● **WHAT IS REQUIRED**: Where a line contains the word "inter", copy that line from the records below.
───── INPUT FOR THIS TASK ─────
lemma quad_minor_sum_at_deg_3_nonneg:
  assumes G: "graph_on V E" and v: "v \<in> V" and N3: "card (nbhd E v) = 3"
    and min3: "\<And>u. u \<in> V \<Longrightarrow> 3 \<le> deg E u" and sparse: "card E + 4 \<le> 2 * card V"
  shows "0 \<le> quad_minor_sum_at V E v"
proof -
  let ?K = "insert v (nbhd E v)"
  have "k4s_at V E v \<subseteq> {?K}"
    using k4s_at_deg_3[OF N3] by blast
  then have k4s: "card (k4s_at V E v) \<le> 1"
    using card_mono[of "{?K}"] by fastforce
  consider (far_edge) f where "f \<in> E" "f \<inter> ?K = {}"
    | (closed) "clique E ?K" "\<And>f. f \<in> E \<Longrightarrow> f \<inter> ?K \<noteq> {}"
    | (no_k4) "\<not> clique E ?K"
    by blast
  then show ?thesis
  proof cases
    case far_edge
    then show ?thesis
      using quad_minor_sum_at_ge_far_edge[OF G far_edge] N3 k4s by simp
  next
    case closed
    have "?K \<subseteq> V" "card ?K = 4"
      using v nbhd_subset[OF G] N3 not_in_nbhd[OF G, of v] by (auto simp: card_ge_0_finite)
    then have "4 \<le> card V"
      using G card_mono unfolding graph_on_def by metis
    then show ?thesis
      using card_edges_closed_k4[OF G v N3 closed min3] sparse by linarith
  next
    case no_k4
    have "k4s_at V E v = {}"
      using k4s_at_deg_3[OF N3] no_k4 unfolding k4s_at_def by auto
    then show ?thesis
      using quad_minor_sum_at_ge_pendants[OF G, of "{}" v] by simp
  qed
qed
─────
● **ANSWER BELOW**:
  consider (far_edge) f where "f \<in> E" "f \<inter> ?K = {}"
    | (closed) "clique E ?K" "\<And>f. f \<in> E \<Longrightarrow> f \<inter> ?K \<noteq> {}"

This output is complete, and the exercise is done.